W3C home > Mailing lists > Public > public-multilingualweb-lt@w3.org > January 2013

RE: issue-68 from an annotation representation point of view, with potential implications for annotatorsRef and standoff markup

From: Mārcis Pinnis <marcis.pinnis@Tilde.lv>
Date: Tue, 29 Jan 2013 17:02:05 +0200
To: Felix Sasaki <fsasaki@w3.org>, "public-multilingualweb-lt@w3.org" <public-multilingualweb-lt@w3.org>
Message-ID: <AC6FD4BB9BB02540AC7322091A6C3B5472B0F01180@postal.Tilde.lv>
Hi Felix,

Could you please explain this in a bit more detail. I am not sure I follow your idea how the stand-off mechanism won't be hierarchical and won't overlap anymore?

So ... (I think it gets very confusing and difficult to follow what the current proposal is) if I understand correctly the ref and id places have been switched so that one could refer from a single span only to a single textAnalyticsAnnotation, right? Then if I understand correctly, the following would not resolve to having "University of London" as an organisation and "London" as a place, right? (probably not, therefore, I think I have lost the idea).

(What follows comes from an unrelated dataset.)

(* Let $\pi$ be a supercuspidal representation of $G$ with trivial central character and $a(\pi)=4n$, $n\ge1$, let $T=T_\alpha$ be an inert torus in canonical form, and let $W_0\in\mathcal W(\pi,\psi)$ be a minimal vector for $T$ in the Whittaker model of $\pi$. Put $\mathfrak a=-a_{\theta_\pi,T}\alpha\in\mathfrak o^\times$. Then there is a constant $c\in\mathbb{C}$ such that for all $y\in F^\times$, $W_0(a(y))=c$ if $y\in\varpi^{-2n}\mathfrak aU_n$ and $W_0(a(y))=0$ otherwise.
   Context: $F$ is a non-archimedean local field of characteristic zero with ring of integers $\mathfrak o$, maximal ideal $\mathfrak p$, uniformizer $\varpi$, odd residue cardinality; $U_m=\{x\in\mathfrak o^\times:v(x-1)\ge m\}$; $E$ the unramified quadratic extension; $G=\mathrm{GL}_2(F)$, $Z$ its centre, $a(y)=\mathrm{diag}(y,1)$, $n(x)=\begin{pmatrix}1&x\\0&1\end{pmatrix}$. $\psi$ is an additive character of $F$ trivial on $\mathfrak o$ but not $\varpi^{-1}\mathfrak o$, $\psi_E=\psi\circ\mathrm{Tr}_{E/F}$. $\mathcal W(\pi,\psi)$ is the Whittaker model: the unique space of functions $W$ on $G$ with $W(n(x)g)=\psi(x)W(g)$, stable under right translation, realizing $\pi$. $a(\pi)$ is the least $r\ge0$ such that $\pi$ has a nonzero vector fixed by $\mathrm{GL}_2(\mathfrak o)\cap\begin{pmatrix}1+\mathfrak p^r&\mathfrak o\\\mathfrak p^r&\mathfrak o\end{pmatrix}$; for a character $\chi$ of $E^\times$, $a(\chi)$ is the least $m\ge0$ with $\chi$ trivial on $\{x\in\mathfrak o_E^\times:v(x-1)\ge m\}$. Inert torus in canonical form: $T=T_\alpha=\{\begin{pmatrix}x&y\\-\alpha y&x\end{pmatrix}\ne0\}$, $\alpha\in\mathfrak o^\times$, $-\alpha$ non-square, identified with $E^\times$ via $x+y\sqrt{-\alpha}\mapsto\begin{pmatrix}x&y\\-\alpha y&x\end{pmatrix}$; $w_\alpha=\begin{pmatrix}0&1\\-\alpha&0\end{pmatrix}$; $K(n)=\{g\in\mathrm{GL}_2(\mathfrak o):g\equiv1\bmod\mathfrak p^n\}$; $K_T(n)=\{\begin{pmatrix}a&b\\c&d\end{pmatrix}\in\mathrm{GL}_2(\mathfrak o):a-d,\ c+b\alpha\in\mathfrak p^n\}$, $ZK_T(n)=TK(n)$. For $\theta$ a character of $E^\times$ with $a(\theta)=2n$, $\theta|_{F^\times}=1$, $a_{\theta,T}\in\mathfrak o^\times$ is a fixed element with $\psi_E(\varpi^{-n}a_{\theta,T}\sqrt{-\alpha}u)=\theta(1+\varpi^nu)$ for $u\in\mathfrak o_E$, and $\chi_{\theta,T}(t(1+\varpi^ng))=\theta(t)\psi(\varpi^{-n}a_{\theta,T}\mathrm{Tr}(w_\alpha g))$ is a character of $ZK_T(n)$. There is a character $\theta_\pi$ of $E^\times$ with $a(\theta_\pi)=2n$, $\theta_\pi|_{F^\times}=1$ and $\pi\simeq c\text{-}\mathrm{Ind}_{ZK_T(n)}^G\chi_{\theta_\pi,T}$ for all such $T$; fix it. A minimal vector for $T$ is a nonzero $v\in\pi$ with $\pi(k)v=\chi_{\theta_\pi,T}(k)v$ for all $k\in ZK_T(n)$. *)

theory Defs
  imports Complex_Main
begin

<span tanRefs="id1">University of <span tanRefs="id2">London</span></span>

<its:textAnalyticsAnnotations id="id1">
<its:textAnalyticsAnnotation its-tan-type="entity" its-tan-ident-ref="http://dbpedia.org/resource/UniversityOfLondon" its-tan-class-ref="http://nerd.eurecom.fr/ontology#Organisation" its-tan-confidence="0.7" annotatorsRef="tan|annotator-1"/>
</its:textAnalyticsAnnotations>
<its:textAnalyticsAnnotations id="id2">
<its:textAnalyticsAnnotation its-tan-type="entity" its-tan-ident-ref="http://dbpedia.org/resource/London" its-tan-class-ref="http://nerd.eurecom.fr/ontology#Place" its-tan-confidence="0.7" annotatorsRef="tan|annotator-1"/>
</its:textAnalyticsAnnotations>

Also ... is there a reason why the ref and id places have been switched? In the initial Felix proposal the textAnalyticsAnnotation elements could refer to one span in text (thus allowing actually easy cleanup of the content). This IMO makes content management slightly more difficult (or am I missing something)?

Best regards,
Mārcis ;o)

-----Original Message-----
From: Felix Sasaki [mailto:fsasaki@w3.org] 
Sent: Tuesday, January 29, 2013 4:39 PM
To: public-multilingualweb-lt@w3.org
Subject: Re: issue-68 from an annotation representation point of view, with potential implications for annotatorsRef and standoff markup

Am 29.01.13 10:56, schrieb Tadej Štajner:
> Hi, Felix, Phil,
> maybe 'tanRefs' was misleading. the intention was to point to an 
> its:textAnalysisAnnotations, element which could in turn contain 
> contain several its:textAnalysisAnnotation elements that all describe 
> the same fragment.

Thanks for the clarification, Tadej - that makes things clearer to me.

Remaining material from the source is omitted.